Provided entries —
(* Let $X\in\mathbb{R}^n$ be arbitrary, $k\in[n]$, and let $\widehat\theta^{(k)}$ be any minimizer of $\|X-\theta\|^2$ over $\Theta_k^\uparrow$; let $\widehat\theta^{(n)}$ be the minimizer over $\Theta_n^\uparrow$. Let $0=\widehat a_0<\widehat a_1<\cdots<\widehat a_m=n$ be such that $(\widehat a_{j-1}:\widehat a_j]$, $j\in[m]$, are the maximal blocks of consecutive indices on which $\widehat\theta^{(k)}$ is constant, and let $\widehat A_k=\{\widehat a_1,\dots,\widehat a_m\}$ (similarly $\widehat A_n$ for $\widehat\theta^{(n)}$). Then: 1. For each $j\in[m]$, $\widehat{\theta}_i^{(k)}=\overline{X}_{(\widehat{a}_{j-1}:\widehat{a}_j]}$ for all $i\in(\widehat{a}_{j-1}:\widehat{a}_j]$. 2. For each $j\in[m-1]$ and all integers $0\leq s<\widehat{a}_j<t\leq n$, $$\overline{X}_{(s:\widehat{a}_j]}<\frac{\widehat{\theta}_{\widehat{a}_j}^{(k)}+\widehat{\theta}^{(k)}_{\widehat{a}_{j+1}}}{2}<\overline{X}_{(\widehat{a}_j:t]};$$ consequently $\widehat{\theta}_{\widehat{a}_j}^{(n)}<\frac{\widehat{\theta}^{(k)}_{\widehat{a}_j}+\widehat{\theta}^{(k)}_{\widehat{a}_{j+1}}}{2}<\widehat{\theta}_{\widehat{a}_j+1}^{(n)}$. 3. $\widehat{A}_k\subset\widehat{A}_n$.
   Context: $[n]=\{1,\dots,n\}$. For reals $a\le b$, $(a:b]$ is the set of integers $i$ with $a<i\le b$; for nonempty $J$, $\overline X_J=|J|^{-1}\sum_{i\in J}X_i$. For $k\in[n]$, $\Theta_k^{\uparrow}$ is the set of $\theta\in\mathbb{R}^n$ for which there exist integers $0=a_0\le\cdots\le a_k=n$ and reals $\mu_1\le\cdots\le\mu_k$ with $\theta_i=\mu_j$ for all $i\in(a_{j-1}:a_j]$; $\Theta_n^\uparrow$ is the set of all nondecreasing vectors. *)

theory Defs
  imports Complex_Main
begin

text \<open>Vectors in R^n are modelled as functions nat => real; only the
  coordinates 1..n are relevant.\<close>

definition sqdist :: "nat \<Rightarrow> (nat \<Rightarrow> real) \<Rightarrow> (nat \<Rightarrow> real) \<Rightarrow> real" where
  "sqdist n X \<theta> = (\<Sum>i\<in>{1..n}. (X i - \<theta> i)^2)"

...

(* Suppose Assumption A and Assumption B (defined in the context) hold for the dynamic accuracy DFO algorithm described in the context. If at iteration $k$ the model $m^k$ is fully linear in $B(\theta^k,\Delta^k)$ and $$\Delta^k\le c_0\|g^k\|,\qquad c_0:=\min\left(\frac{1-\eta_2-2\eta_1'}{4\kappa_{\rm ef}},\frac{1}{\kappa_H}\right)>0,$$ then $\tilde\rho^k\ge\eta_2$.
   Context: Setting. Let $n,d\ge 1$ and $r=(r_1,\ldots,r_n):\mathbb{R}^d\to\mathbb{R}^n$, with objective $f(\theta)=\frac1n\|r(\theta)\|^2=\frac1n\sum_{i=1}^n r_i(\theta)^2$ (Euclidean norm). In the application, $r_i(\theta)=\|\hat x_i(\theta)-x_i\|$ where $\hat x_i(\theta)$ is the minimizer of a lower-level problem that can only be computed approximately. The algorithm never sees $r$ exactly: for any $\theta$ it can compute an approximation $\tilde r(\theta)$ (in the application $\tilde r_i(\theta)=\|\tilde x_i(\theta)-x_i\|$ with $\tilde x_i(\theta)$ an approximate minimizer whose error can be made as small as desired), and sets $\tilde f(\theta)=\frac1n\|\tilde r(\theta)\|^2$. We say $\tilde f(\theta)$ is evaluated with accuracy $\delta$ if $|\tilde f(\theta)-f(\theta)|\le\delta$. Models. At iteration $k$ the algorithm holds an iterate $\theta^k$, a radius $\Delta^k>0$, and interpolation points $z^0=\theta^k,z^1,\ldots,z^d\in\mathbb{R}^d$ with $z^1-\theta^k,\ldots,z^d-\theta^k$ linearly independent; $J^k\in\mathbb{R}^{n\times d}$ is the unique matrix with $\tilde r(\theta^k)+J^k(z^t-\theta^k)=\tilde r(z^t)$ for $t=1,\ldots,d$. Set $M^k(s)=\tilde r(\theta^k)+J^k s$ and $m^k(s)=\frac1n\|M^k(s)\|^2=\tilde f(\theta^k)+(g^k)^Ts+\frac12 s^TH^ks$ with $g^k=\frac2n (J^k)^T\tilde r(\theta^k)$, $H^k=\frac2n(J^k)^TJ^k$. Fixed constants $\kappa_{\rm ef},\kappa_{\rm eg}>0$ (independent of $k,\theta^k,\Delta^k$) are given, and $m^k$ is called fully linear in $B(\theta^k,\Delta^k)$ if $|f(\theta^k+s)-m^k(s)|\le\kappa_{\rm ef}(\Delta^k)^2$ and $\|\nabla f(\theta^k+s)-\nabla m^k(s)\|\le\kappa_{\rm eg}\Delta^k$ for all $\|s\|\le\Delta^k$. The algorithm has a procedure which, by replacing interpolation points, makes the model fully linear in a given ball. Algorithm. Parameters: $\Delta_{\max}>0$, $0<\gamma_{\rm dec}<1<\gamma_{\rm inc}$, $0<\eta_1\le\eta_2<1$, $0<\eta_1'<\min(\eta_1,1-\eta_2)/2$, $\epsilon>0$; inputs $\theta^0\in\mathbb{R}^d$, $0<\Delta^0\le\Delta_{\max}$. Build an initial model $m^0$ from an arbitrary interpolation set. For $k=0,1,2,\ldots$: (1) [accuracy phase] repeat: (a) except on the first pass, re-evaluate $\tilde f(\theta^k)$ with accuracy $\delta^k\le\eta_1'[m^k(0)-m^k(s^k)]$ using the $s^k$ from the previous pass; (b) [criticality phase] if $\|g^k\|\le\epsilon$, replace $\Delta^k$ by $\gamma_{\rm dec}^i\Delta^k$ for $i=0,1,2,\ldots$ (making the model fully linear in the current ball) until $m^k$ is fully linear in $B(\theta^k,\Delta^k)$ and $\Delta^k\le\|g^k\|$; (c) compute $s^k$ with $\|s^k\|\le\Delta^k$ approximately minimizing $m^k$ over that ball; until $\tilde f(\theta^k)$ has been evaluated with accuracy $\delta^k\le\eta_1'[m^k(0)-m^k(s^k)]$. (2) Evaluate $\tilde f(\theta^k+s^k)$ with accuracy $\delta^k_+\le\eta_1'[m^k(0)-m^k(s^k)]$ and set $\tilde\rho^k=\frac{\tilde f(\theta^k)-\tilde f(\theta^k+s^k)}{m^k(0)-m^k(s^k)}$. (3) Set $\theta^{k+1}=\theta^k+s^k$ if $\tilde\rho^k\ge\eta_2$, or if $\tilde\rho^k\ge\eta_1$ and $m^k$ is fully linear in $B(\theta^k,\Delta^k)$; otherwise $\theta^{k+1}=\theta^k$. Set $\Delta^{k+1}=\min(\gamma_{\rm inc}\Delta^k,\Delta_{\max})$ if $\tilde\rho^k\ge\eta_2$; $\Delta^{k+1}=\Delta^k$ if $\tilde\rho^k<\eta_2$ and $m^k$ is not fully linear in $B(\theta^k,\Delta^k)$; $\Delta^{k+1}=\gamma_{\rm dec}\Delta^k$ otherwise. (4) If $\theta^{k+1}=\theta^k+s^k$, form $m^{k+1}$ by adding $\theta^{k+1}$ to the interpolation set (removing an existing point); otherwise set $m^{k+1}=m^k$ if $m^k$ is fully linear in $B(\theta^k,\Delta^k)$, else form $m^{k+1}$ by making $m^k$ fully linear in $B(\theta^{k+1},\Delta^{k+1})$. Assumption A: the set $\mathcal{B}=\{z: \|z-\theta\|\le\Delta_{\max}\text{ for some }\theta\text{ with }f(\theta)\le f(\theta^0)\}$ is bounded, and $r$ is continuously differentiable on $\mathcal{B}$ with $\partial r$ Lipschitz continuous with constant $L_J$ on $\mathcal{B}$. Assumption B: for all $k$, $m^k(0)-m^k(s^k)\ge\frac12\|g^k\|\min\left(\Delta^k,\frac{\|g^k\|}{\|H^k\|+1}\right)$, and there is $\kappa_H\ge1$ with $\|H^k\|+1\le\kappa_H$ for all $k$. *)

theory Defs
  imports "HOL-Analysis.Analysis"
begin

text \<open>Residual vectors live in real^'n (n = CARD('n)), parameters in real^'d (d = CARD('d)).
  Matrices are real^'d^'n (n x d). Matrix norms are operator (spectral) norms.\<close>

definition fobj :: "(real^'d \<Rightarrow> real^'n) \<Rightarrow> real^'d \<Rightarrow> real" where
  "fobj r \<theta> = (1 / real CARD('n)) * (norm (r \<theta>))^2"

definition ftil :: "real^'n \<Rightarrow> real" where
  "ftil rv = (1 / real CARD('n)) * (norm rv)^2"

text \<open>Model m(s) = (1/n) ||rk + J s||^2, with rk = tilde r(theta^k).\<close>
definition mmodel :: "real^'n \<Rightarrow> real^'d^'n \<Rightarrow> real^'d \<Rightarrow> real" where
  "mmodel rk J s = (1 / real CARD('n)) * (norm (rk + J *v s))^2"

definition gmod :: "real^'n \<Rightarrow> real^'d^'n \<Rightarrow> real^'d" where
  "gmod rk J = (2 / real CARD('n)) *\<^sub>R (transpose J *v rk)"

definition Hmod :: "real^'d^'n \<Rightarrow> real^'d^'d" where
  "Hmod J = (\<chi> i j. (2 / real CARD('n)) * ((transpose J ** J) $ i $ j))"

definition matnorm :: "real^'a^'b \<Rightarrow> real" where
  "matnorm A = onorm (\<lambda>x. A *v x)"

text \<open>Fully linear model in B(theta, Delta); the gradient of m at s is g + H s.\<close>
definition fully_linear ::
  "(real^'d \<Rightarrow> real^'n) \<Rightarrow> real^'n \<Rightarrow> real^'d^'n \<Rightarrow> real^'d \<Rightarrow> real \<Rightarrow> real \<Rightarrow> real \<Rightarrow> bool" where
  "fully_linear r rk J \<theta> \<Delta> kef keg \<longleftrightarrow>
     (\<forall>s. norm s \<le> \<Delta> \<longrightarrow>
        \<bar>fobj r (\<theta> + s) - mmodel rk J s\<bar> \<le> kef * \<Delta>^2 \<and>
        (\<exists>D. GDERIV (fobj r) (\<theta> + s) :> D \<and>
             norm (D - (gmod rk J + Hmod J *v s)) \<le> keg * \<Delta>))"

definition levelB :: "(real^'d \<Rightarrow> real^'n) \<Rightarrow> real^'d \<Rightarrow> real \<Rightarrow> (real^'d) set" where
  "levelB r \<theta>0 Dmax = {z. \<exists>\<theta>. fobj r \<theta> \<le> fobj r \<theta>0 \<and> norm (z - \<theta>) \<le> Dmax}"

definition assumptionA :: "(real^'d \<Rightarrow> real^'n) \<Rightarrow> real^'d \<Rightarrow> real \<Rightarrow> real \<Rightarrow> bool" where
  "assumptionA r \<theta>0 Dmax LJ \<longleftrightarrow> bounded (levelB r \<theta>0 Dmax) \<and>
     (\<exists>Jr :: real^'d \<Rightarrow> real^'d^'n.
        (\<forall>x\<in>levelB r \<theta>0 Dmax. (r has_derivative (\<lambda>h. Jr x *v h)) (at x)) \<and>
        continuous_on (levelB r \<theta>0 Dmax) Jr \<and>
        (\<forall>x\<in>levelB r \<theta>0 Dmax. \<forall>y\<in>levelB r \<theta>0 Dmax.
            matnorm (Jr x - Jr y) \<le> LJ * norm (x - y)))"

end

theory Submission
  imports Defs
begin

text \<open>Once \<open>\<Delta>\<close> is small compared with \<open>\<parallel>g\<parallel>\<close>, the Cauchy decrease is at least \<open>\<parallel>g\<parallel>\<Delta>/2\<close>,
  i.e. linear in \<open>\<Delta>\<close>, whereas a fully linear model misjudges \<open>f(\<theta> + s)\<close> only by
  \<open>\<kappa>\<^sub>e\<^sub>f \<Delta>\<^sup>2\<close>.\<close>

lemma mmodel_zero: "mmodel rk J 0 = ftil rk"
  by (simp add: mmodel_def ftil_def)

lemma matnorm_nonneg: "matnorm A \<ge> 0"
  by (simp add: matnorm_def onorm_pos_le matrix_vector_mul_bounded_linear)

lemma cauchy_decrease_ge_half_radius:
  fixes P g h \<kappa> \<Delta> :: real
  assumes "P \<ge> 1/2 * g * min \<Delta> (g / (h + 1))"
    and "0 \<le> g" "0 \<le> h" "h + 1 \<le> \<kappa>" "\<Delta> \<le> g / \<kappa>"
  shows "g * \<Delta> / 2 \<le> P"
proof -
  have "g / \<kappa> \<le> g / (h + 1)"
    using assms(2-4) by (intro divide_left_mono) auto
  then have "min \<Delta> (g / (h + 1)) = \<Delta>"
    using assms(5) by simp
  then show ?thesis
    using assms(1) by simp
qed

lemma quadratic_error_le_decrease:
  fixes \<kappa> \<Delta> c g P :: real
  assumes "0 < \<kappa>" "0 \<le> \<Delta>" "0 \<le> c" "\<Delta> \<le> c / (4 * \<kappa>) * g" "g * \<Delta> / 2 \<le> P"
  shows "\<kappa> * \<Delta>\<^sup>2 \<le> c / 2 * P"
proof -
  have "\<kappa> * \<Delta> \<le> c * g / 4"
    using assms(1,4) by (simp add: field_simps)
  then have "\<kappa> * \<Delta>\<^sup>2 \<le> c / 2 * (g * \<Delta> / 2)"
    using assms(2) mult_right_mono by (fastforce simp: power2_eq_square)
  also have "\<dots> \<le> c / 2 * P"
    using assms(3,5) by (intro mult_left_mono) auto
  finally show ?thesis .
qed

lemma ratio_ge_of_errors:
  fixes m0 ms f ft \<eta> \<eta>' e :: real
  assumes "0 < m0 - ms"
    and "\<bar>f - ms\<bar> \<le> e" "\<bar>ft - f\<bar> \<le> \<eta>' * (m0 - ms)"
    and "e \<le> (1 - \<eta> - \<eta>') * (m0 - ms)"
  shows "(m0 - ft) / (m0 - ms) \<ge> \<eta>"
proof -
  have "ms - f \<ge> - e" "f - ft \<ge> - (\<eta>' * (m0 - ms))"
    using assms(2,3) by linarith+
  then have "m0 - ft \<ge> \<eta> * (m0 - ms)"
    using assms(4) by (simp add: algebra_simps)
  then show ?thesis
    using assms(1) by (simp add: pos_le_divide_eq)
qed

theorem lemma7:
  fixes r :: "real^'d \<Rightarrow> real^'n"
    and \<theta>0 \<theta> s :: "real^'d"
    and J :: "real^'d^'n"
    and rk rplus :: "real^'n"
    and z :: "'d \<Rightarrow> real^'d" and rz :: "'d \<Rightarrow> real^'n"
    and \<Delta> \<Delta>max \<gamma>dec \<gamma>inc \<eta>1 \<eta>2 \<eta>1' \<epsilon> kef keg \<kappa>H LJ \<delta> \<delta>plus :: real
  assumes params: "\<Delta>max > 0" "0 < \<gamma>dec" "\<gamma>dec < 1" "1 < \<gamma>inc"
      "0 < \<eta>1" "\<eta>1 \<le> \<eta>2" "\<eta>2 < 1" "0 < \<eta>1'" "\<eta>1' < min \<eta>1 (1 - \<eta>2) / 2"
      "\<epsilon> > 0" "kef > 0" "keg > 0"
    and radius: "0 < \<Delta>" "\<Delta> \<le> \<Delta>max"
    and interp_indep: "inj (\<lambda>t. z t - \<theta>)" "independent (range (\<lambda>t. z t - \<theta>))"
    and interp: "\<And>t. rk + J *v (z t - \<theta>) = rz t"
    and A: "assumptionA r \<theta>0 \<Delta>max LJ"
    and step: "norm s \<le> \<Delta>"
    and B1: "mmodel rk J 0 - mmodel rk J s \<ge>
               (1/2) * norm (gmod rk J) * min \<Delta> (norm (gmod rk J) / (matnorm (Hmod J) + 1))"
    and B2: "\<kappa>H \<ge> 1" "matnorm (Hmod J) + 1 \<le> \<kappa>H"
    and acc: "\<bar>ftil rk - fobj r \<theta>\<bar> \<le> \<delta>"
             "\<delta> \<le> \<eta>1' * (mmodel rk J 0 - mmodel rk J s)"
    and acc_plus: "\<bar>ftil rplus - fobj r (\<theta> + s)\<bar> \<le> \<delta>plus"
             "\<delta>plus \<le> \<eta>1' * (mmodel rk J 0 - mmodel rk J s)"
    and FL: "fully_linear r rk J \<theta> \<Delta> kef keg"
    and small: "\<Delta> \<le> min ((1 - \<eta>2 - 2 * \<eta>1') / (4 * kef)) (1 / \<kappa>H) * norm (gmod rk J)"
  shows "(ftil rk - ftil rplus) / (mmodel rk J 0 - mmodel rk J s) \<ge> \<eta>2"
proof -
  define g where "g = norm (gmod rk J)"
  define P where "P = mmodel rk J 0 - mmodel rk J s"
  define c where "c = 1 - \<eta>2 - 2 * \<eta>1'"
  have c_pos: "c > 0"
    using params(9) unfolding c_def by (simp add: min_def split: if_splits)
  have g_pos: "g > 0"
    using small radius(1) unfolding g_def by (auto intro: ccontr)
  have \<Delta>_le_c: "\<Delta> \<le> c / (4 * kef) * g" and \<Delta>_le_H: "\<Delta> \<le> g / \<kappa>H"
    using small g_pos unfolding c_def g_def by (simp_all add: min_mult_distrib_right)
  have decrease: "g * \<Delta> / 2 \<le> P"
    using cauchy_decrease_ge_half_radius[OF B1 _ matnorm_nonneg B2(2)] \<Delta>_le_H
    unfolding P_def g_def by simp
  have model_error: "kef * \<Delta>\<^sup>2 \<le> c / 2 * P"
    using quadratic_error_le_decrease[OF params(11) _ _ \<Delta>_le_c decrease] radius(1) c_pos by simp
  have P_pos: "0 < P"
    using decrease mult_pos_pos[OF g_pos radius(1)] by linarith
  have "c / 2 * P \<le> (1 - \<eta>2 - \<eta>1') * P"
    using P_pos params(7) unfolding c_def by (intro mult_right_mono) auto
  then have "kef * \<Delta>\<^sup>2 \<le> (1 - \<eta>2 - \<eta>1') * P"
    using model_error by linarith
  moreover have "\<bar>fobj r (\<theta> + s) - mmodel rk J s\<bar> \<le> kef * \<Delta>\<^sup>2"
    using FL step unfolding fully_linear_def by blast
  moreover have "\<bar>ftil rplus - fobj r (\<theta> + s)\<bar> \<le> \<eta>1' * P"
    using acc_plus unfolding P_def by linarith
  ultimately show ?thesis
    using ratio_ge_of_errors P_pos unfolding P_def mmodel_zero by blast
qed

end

...

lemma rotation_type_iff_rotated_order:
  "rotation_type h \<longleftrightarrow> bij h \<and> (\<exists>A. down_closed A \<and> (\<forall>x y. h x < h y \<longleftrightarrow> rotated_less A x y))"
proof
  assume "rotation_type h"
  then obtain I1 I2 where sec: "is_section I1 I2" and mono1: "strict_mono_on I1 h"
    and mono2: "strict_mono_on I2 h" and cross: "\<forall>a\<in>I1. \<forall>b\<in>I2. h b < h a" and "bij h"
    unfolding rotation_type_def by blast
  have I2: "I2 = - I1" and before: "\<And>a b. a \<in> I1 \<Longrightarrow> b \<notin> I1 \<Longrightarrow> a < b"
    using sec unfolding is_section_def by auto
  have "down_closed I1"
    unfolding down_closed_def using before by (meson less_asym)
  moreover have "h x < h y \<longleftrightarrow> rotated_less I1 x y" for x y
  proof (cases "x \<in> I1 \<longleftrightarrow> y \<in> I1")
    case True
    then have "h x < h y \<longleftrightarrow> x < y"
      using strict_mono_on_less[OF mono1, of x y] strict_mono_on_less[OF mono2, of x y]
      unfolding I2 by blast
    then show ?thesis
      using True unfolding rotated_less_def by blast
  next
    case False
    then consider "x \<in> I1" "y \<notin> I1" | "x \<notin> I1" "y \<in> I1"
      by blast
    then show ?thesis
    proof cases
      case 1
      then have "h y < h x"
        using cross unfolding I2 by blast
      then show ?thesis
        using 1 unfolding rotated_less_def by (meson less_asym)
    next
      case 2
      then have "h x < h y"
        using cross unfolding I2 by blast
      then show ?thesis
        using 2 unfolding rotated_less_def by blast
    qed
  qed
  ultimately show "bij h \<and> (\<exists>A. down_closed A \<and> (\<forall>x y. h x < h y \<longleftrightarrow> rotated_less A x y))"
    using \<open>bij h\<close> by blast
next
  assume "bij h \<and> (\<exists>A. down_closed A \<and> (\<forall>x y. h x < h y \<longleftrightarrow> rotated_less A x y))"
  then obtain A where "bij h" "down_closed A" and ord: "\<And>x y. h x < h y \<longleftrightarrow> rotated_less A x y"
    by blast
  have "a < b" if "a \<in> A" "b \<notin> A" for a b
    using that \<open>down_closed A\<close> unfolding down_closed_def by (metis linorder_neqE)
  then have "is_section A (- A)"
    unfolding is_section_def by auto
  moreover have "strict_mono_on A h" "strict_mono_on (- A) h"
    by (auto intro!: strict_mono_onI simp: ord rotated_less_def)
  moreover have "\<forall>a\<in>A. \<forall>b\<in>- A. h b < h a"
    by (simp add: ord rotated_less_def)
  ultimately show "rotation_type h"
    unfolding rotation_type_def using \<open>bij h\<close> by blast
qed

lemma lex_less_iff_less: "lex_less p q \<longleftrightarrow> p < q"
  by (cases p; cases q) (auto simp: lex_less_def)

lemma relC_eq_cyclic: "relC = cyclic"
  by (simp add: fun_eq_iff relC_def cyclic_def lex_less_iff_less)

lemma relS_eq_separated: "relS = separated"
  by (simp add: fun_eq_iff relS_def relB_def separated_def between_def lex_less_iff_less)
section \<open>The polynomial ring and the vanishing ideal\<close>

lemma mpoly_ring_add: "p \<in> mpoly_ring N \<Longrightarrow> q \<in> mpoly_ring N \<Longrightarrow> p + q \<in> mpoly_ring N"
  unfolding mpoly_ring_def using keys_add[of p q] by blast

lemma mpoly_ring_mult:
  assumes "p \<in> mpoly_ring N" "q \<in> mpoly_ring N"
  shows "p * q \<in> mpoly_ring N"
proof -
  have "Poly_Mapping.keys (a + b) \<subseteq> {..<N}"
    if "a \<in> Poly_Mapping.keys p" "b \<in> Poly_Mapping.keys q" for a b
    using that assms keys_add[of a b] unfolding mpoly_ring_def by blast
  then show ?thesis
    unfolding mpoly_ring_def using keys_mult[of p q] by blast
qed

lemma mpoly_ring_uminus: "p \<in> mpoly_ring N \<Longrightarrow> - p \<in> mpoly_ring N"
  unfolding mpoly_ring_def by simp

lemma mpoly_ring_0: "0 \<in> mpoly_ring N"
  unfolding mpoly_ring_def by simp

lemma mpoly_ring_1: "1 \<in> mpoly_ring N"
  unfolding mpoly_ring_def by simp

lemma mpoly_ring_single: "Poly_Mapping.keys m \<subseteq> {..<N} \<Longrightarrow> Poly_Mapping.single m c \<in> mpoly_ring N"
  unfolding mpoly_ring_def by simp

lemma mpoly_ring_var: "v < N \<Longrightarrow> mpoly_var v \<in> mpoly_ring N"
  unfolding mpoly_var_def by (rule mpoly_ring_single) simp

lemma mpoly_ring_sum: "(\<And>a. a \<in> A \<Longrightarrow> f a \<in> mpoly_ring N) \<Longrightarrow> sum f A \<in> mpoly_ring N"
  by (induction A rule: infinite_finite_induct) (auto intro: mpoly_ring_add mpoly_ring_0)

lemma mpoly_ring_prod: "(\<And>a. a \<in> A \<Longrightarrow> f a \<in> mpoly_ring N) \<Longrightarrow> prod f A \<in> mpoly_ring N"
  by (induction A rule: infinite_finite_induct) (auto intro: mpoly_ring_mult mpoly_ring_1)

Task instructions —
Beginning at the line above that contains "kef * \<Delta>^2 \<and>", return each line exactly through the line that contains "theory Submission", and no others.

Exercise output —
        \<bar>fobj r (\<theta> + s) - mmodel rk J s\<bar> \<le> kef * \<Delta>^2 \<and>
        (\<exists>D. GDERIV (fobj r) (\<theta> + s) :> D \<and>
             norm (D - (gmod rk J + Hmod J *v s)) \<le> keg * \<Delta>))"

definition levelB :: "(real^'d \<Rightarrow> real^'n) \<Rightarrow> real^'d \<Rightarrow> real \<Rightarrow> (real^'d) set" where
  "levelB r \<theta>0 Dmax = {z. \<exists>\<theta>. fobj r \<theta> \<le> fobj r \<theta>0 \<and> norm (z - \<theta>) \<le> Dmax}"

definition assumptionA :: "(real^'d \<Rightarrow> real^'n) \<Rightarrow> real^'d \<Rightarrow> real \<Rightarrow> real \<Rightarrow> bool" where
  "assumptionA r \<theta>0 Dmax LJ \<longleftrightarrow> bounded (levelB r \<theta>0 Dmax) \<and>
     (\<exists>Jr :: real^'d \<Rightarrow> real^'d^'n.
        (\<forall>x\<in>levelB r \<theta>0 Dmax. (r has_derivative (\<lambda>h. Jr x *v h)) (at x)) \<and>
        continuous_on (levelB r \<theta>0 Dmax) Jr \<and>
        (\<forall>x\<in>levelB r \<theta>0 Dmax. \<forall>y\<in>levelB r \<theta>0 Dmax.
            matnorm (Jr x - Jr y) \<le> LJ * norm (x - y)))"

end

theory Submission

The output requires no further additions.